Information START
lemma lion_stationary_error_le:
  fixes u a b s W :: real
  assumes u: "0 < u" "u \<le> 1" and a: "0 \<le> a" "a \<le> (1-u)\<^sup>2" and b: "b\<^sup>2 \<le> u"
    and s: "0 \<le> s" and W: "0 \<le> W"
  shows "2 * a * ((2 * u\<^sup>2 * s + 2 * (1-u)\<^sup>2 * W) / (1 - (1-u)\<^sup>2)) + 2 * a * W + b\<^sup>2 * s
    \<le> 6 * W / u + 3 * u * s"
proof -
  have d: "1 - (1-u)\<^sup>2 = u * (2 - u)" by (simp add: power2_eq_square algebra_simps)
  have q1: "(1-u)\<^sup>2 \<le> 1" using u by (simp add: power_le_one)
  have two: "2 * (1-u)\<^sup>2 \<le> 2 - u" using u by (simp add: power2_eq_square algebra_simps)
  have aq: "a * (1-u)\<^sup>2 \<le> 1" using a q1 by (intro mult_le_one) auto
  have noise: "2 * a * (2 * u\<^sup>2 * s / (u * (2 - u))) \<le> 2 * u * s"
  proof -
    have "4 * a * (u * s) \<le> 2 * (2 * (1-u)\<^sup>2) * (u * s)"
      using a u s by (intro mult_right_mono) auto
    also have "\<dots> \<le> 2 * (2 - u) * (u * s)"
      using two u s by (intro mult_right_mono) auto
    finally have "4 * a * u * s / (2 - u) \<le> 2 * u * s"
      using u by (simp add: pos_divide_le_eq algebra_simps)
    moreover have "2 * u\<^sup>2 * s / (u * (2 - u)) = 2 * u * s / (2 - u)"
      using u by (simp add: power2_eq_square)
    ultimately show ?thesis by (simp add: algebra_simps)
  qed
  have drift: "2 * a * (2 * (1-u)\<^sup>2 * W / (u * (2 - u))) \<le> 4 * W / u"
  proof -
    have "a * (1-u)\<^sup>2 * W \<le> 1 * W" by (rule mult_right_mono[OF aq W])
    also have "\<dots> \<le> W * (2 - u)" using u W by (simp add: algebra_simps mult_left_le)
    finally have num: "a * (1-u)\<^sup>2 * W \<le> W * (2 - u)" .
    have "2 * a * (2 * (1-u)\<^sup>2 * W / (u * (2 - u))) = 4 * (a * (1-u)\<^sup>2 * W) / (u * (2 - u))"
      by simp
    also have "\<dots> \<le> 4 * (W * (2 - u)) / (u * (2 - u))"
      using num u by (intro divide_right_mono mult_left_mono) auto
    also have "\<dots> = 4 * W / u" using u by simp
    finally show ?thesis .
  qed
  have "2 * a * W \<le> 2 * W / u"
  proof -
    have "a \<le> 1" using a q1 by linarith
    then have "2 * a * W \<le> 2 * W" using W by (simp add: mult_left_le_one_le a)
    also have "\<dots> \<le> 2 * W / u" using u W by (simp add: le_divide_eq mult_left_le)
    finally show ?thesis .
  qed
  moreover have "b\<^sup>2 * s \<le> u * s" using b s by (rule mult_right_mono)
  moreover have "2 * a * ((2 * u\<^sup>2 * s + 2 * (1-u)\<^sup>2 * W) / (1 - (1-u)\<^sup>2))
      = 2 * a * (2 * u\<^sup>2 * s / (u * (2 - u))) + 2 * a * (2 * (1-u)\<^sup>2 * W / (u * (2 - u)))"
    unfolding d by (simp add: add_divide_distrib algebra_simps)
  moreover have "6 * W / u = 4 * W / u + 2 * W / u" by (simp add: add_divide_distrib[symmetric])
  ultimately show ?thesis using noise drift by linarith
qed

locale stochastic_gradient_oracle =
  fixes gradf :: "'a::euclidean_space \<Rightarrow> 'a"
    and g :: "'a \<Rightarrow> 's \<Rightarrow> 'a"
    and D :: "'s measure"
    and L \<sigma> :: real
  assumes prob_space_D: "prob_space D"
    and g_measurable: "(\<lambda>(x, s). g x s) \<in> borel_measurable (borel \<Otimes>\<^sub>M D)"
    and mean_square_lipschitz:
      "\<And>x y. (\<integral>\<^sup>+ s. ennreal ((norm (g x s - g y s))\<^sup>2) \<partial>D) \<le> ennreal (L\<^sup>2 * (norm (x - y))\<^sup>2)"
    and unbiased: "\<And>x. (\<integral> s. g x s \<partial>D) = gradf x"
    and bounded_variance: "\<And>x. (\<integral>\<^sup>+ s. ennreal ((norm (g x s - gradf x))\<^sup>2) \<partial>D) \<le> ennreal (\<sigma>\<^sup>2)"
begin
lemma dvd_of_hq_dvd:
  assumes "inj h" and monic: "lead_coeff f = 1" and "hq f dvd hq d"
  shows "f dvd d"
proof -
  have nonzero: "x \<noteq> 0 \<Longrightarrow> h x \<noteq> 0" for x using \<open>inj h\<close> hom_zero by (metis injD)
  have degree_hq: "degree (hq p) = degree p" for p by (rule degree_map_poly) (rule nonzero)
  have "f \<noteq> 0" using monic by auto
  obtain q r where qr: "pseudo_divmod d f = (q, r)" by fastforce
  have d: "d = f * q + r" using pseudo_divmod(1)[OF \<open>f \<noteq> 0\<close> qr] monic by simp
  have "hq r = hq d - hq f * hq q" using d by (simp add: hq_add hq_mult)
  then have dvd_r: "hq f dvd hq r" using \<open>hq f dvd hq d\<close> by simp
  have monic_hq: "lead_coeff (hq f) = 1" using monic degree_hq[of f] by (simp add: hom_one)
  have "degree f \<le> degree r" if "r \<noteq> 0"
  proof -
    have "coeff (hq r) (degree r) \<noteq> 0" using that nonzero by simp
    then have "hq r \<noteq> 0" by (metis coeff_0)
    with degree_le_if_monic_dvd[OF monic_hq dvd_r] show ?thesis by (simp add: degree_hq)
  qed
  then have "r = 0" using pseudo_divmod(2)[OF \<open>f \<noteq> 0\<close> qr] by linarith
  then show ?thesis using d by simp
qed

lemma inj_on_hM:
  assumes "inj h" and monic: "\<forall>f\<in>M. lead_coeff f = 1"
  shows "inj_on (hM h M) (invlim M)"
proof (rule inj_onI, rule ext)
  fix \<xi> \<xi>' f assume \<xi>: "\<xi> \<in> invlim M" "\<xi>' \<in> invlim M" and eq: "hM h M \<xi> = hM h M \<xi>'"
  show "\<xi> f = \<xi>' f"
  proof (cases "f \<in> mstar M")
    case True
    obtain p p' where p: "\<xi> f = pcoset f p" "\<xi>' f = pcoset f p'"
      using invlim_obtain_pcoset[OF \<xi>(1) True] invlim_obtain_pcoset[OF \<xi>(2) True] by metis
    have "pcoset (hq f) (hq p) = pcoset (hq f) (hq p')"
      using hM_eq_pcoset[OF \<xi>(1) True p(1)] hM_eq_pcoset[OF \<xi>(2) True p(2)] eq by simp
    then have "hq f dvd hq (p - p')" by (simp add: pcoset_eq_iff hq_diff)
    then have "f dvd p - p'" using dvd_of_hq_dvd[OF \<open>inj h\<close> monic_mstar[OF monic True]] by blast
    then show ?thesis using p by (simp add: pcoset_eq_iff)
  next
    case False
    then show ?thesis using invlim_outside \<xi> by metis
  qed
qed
Information END
Information START
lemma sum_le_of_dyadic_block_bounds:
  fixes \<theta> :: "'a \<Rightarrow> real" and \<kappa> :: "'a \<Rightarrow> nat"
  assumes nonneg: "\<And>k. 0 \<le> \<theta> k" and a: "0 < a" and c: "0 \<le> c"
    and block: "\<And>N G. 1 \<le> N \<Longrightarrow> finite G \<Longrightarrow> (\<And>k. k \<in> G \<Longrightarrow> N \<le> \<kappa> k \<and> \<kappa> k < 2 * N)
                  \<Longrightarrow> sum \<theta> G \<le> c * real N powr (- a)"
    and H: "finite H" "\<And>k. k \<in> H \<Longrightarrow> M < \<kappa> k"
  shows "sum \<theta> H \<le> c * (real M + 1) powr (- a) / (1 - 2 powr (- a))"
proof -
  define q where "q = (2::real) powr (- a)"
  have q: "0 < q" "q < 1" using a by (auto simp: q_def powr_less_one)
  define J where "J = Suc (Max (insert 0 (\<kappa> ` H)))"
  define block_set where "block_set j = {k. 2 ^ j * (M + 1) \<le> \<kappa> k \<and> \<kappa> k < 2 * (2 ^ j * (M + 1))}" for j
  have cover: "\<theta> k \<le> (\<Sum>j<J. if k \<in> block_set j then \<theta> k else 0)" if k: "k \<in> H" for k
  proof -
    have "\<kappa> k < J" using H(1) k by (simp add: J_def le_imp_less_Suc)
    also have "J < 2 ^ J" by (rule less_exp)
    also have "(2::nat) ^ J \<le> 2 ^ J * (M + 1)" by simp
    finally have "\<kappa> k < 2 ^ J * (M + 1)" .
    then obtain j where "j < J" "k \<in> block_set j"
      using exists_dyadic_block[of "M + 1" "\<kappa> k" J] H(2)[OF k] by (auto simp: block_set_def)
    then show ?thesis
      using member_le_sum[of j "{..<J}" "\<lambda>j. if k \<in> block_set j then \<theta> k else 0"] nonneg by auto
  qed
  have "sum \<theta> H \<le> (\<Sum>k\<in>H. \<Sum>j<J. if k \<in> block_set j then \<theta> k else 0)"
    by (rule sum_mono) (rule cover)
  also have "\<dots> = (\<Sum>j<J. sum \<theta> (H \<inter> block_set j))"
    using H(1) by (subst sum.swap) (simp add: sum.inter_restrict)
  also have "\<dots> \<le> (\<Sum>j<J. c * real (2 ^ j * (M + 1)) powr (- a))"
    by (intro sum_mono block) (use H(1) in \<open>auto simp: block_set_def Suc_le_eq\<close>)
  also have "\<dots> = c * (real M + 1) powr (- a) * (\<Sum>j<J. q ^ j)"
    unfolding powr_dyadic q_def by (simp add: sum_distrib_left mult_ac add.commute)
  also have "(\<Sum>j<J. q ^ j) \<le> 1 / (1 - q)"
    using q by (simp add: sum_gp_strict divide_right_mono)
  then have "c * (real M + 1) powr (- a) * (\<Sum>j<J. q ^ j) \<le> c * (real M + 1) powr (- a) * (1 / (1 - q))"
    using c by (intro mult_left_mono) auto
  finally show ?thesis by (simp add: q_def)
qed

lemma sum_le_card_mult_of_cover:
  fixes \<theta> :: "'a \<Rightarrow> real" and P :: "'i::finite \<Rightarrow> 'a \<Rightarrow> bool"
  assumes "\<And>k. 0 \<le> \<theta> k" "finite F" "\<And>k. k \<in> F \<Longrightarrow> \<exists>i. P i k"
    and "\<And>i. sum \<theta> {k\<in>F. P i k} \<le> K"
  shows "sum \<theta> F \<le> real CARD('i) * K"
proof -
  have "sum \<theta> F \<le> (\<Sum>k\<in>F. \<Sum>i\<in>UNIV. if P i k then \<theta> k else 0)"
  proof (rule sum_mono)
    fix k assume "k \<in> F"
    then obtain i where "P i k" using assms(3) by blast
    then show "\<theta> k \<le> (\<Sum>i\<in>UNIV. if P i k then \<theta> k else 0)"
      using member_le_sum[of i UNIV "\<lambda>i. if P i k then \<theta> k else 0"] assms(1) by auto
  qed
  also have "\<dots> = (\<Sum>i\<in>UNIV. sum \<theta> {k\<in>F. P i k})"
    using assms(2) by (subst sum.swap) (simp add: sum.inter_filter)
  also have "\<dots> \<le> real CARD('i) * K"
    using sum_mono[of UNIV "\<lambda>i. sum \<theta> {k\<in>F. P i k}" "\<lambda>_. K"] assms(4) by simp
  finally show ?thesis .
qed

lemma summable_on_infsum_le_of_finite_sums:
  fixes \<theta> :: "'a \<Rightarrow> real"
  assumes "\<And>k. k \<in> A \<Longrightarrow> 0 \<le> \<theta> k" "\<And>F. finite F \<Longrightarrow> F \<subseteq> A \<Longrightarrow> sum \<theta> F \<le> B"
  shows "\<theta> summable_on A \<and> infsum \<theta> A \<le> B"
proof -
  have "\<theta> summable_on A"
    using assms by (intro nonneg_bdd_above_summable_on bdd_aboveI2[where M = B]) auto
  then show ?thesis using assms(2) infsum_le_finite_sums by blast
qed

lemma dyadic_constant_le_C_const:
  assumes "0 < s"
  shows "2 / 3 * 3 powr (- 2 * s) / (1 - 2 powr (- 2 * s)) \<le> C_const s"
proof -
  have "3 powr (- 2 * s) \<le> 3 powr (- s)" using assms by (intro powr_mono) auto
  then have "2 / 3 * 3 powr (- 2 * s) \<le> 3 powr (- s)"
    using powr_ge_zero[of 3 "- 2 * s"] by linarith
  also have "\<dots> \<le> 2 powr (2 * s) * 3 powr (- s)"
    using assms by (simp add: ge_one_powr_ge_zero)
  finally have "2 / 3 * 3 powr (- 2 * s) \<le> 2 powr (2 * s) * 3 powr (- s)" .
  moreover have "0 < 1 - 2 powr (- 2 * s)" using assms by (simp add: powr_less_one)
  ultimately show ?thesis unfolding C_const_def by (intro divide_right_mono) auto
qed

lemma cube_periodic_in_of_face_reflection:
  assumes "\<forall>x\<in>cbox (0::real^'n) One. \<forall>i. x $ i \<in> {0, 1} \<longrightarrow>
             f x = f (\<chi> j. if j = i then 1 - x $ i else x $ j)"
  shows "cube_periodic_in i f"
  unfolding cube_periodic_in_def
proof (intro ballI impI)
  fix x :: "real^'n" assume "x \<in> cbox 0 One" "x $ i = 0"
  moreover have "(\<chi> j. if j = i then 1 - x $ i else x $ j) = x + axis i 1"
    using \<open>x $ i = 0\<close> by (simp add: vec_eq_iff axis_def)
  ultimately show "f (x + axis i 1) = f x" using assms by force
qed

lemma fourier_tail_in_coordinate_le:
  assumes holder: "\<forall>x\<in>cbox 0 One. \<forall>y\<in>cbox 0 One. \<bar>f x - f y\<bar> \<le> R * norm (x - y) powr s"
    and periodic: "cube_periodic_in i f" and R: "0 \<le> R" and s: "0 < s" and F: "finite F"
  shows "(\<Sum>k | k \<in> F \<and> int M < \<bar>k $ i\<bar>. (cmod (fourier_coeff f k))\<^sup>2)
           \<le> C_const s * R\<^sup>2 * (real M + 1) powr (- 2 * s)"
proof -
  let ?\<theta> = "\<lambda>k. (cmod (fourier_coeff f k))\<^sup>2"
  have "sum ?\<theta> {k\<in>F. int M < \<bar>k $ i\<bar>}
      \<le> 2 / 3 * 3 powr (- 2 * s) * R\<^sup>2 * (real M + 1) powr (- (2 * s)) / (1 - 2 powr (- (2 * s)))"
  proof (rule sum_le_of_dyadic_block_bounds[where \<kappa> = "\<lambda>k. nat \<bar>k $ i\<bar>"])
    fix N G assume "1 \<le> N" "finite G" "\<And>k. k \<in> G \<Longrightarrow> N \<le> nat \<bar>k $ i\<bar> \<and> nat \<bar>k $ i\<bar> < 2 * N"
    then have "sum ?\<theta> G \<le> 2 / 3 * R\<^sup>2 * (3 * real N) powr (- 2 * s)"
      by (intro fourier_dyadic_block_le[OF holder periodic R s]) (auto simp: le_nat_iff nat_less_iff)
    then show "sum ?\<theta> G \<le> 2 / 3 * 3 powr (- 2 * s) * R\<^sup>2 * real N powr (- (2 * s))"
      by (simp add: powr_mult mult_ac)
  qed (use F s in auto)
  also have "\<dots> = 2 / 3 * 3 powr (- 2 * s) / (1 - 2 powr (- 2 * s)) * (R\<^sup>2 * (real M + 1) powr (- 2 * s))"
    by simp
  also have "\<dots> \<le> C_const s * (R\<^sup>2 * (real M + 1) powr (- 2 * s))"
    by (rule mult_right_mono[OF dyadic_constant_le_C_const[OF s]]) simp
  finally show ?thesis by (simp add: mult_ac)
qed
Information END
Information START
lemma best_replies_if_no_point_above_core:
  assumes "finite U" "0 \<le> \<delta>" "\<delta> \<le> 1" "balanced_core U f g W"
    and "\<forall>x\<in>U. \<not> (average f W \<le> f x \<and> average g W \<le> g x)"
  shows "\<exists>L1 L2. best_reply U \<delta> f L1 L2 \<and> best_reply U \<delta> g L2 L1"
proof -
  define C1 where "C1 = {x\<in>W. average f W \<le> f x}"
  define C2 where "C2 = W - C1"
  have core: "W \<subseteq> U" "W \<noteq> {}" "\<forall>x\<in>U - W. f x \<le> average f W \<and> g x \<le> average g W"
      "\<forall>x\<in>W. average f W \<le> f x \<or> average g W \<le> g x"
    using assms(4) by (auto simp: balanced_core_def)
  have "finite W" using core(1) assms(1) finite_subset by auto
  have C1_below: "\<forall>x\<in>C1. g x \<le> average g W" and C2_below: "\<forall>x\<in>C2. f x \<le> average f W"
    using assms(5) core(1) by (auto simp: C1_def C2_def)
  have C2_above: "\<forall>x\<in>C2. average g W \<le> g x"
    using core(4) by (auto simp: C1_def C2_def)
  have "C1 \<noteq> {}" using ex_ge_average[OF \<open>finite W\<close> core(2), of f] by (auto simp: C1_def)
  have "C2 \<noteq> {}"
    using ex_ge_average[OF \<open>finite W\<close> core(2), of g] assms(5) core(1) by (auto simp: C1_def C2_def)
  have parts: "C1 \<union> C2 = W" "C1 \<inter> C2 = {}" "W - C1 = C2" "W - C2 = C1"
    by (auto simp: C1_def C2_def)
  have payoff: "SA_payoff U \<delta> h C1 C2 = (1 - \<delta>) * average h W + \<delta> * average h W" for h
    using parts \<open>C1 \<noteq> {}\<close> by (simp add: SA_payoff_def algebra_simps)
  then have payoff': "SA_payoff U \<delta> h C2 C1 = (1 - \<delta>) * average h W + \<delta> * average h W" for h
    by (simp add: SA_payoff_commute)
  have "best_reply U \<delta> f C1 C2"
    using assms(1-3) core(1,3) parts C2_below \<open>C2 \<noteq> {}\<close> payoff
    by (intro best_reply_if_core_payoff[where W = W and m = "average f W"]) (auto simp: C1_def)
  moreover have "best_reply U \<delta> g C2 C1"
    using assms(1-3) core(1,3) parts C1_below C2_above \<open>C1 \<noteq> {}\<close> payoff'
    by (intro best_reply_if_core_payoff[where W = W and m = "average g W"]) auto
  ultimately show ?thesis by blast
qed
Information END
** Work required **
Every line above holding the string "gradf" should be listed.

** Result of the exercise **
  fixes gradf :: "'a::euclidean_space \<Rightarrow> 'a"
    and unbiased: "\<And>x. (\<integral> s. g x s \<partial>D) = gradf x"
    and bounded_variance: "\<And>x. (\<integral>\<^sup>+ s. ennreal ((norm (g x s - gradf x))\<^sup>2) \<partial>D) \<le> ennreal (\<sigma>\<^sup>2)"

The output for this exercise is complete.